[Opening Extracted records section]
text \<open>Moore--Penrose pseudo-inverse of a matrix B (N x M, i.e. real^'m^'n),
  characterised by the four Penrose conditions (it exists and is unique).\<close>
definition pinv :: "real^'m^'n \<Rightarrow> real^'n^'m" where
  "pinv B = (THE P. B ** P ** B = B \<and> P ** B ** P = P \<and>
               transpose (B ** P) = B ** P \<and> transpose (P ** B) = P ** B)"

definition spec_norm :: "real^'a^'b \<Rightarrow> real" where
  "spec_norm A = onorm (\<lambda>v. A *v v)"

definition jacobian :: "(real^'m \<Rightarrow> real^'m) \<Rightarrow> real^'m \<Rightarrow> real^'m^'m" where
  "jacobian F z = matrix (frechet_derivative F (at z))"

definition gtf_delta :: "real \<Rightarrow> real^'m^'n \<Rightarrow> real^'m \<Rightarrow> real^'n \<Rightarrow> real^'m" where
  "gtf_delta \<alpha> B z x = (mat 1 - \<alpha> *\<^sub>R (pinv B ** B)) *v z + \<alpha> *\<^sub>R (pinv B *v x)"

primrec forced_orbit :: "(real^'m \<Rightarrow> real^'m) \<Rightarrow> real \<Rightarrow> real^'m^'n \<Rightarrow> (nat \<Rightarrow> real^'n)
    \<Rightarrow> real^'m \<Rightarrow> nat \<Rightarrow> real^'m" where
  "forced_orbit F \<alpha> B xs z0 0 = z0"
| "forced_orbit F \<alpha> B xs z0 (Suc t) = F (gtf_delta \<alpha> B (forced_orbit F \<alpha> B xs z0 t) (xs t))"

primrec jac_product :: "(real^'m \<Rightarrow> real^'m) \<Rightarrow> real \<Rightarrow> real^'m^'n \<Rightarrow> (nat \<Rightarrow> real^'n)
    \<Rightarrow> real^'m \<Rightarrow> nat \<Rightarrow> real^'m^'m" where
  "jac_product F \<alpha> B xs z0 0 = mat 1"
| "jac_product F \<alpha> B xs z0 (Suc T) =
     jacobian (\<lambda>z. F (gtf_delta \<alpha> B z (xs T))) (forced_orbit F \<alpha> B xs z0 T)
     ** jac_product F \<alpha> B xs z0 T"

definition elog :: "real \<Rightarrow> ereal" where
  "elog x = (if x > 0 then ereal (ln x) else -\<infinity>)"

text \<open>Largest Lyapunov exponent of the forced system along the orbit from z0
  (as limsup; it equals the limit whenever the limit exists).\<close>
definition lyap_gtf :: "(real^'m \<Rightarrow> real^'m) \<Rightarrow> real \<Rightarrow> real^'m^'n \<Rightarrow> (nat \<Rightarrow> real^'n)
    \<Rightarrow> real^'m \<Rightarrow> ereal" where
  "lyap_gtf F \<alpha> B xs z0 =
     limsup (\<lambda>T. ereal (1 / real T) * elog (spec_norm (jac_product F \<alpha> B xs z0 T)))"

end

theory Submission imports Defs begin

text \<open>Because \<open>B\<close> has full column rank, \<open>B\<^sup>+ B = I\<close>, so the forcing map
  \<open>\<delta>(z, x) = (1 - \<alpha>) z + \<alpha> B\<^sup>+ x\<close> is affine with linear part \<open>(1 - \<alpha>) I\<close>. By the chain rule
  the Jacobian of the forced map is \<open>(1 - \<alpha>) J\<close> evaluated at a shifted point, hence has
  spectral norm at most \<open>\<rho> = (1 - \<alpha>) sup\<^sub>z \<parallel>J(z)\<parallel>\<close>, and \<open>\<rho> < 1\<close> is exactly the condition \<open>\<alpha> > \<alpha>\<^sup>*\<close>.
  Submultiplicativity of the spectral norm bounds the product of \<open>T\<close> Jacobians by \<open>\<rho>\<^sup>T\<close>,
  so the Lyapunov exponent is at most \<open>log \<rho> < 0\<close>.\<close>

definition penrose_inverse :: "real^'m^'n \<Rightarrow> real^'n^'m \<Rightarrow> bool" where
  "penrose_inverse B P \<longleftrightarrow> B ** P ** B = B \<and> P ** B ** P = P \<and>
     transpose (B ** P) = B ** P \<and> transpose (P ** B) = P ** B"

lemma pinv_eq_The_penrose_inverse: "pinv B = (THE P. penrose_inverse B P)"
  by (simp add: pinv_def penrose_inverse_def)

lemma inj_transpose_mult_self:
  fixes B :: "real^'m^'n"
  assumes "inj ((*v) B)"
  shows "inj ((*v) (transpose B ** B))"
proof (rule injI)
  fix x y assume "(transpose B ** B) *v x = (transpose B ** B) *v y"
  then have "(transpose B ** B) *v (x - y) = 0"
    by (simp add: matrix_vector_mult_diff_distrib)
  moreover have "(x - y) \<bullet> ((transpose B ** B) *v (x - y)) = (B *v (x - y)) \<bullet> (B *v (x - y))"
    by (metis dot_lmul_matrix inner_commute matrix_vector_mul_assoc transpose_matrix_vector)
  ultimately have "B *v (x - y) = 0" by simp
  then show "x = y"
    using assms by (simp add: matrix_vector_mult_diff_distrib inj_eq)
qed

lemma left_inverse_if_generalized_inverse:
  fixes B :: "real^'m^'n"
  assumes "inj ((*v) B)" and "B ** P ** B = B"
  shows "P ** B = mat 1"
proof -
  have "B *v ((P ** B) *v x) = B *v x" for x
    by (metis assms(2) matrix_vector_mul_assoc)
  then have "(P ** B) *v x = mat 1 *v x" for x
    using assms(1) by (simp add: inj_eq)
  then show ?thesis by (simp add: matrix_eq)
qed

text \<open>For full column rank \<open>B\<^sup>+ = (B\<^sup>T B)\<^sup>-\<^sup>1 B\<^sup>T\<close>; here \<open>L\<close> is the inverse of the Gram matrix.\<close>

lemma penrose_inverse_gram:
  fixes B :: "real^'m^'n"
  assumes L: "L ** (transpose B ** B) = mat 1"
  shows "penrose_inverse B (L ** transpose B)"
proof -
  let ?C = "transpose B ** B"
  have CL: "?C ** L = mat 1" using L matrix_left_right_inverse by blast
  have "transpose L ** ?C = mat 1"
    by (metis CL matrix_transpose_mul transpose_mat transpose_transpose)
  then have L_sym: "transpose L = L"
    by (metis CL matrix_mul_assoc matrix_mul_lid matrix_mul_rid)
  have PB: "L ** transpose B ** B = mat 1"
    using L by (simp add: matrix_mul_assoc)
  show ?thesis unfolding penrose_inverse_def
  proof (intro conjI)
    show "B ** (L ** transpose B) ** B = B"
      by (metis PB matrix_mul_assoc matrix_mul_rid)
    show "transpose (B ** (L ** transpose B)) = B ** (L ** transpose B)"
      by (simp add: matrix_transpose_mul L_sym matrix_mul_assoc)
  qed (simp_all add: PB)
qed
[Closing Extracted records section]
Report each line of the data in which "rank" occurs.

text \<open>Because \<open>B\<close> has full column rank, \<open>B\<^sup>+ B = I\<close>, so the forcing map
text \<open>For full column rank \<open>B\<^sup>+ = (B\<^sup>T B)\<^sup>-\<^sup>1 B\<^sup>T\<close>; here \<open>L\<close> is the inverse of the Gram matrix.\<close>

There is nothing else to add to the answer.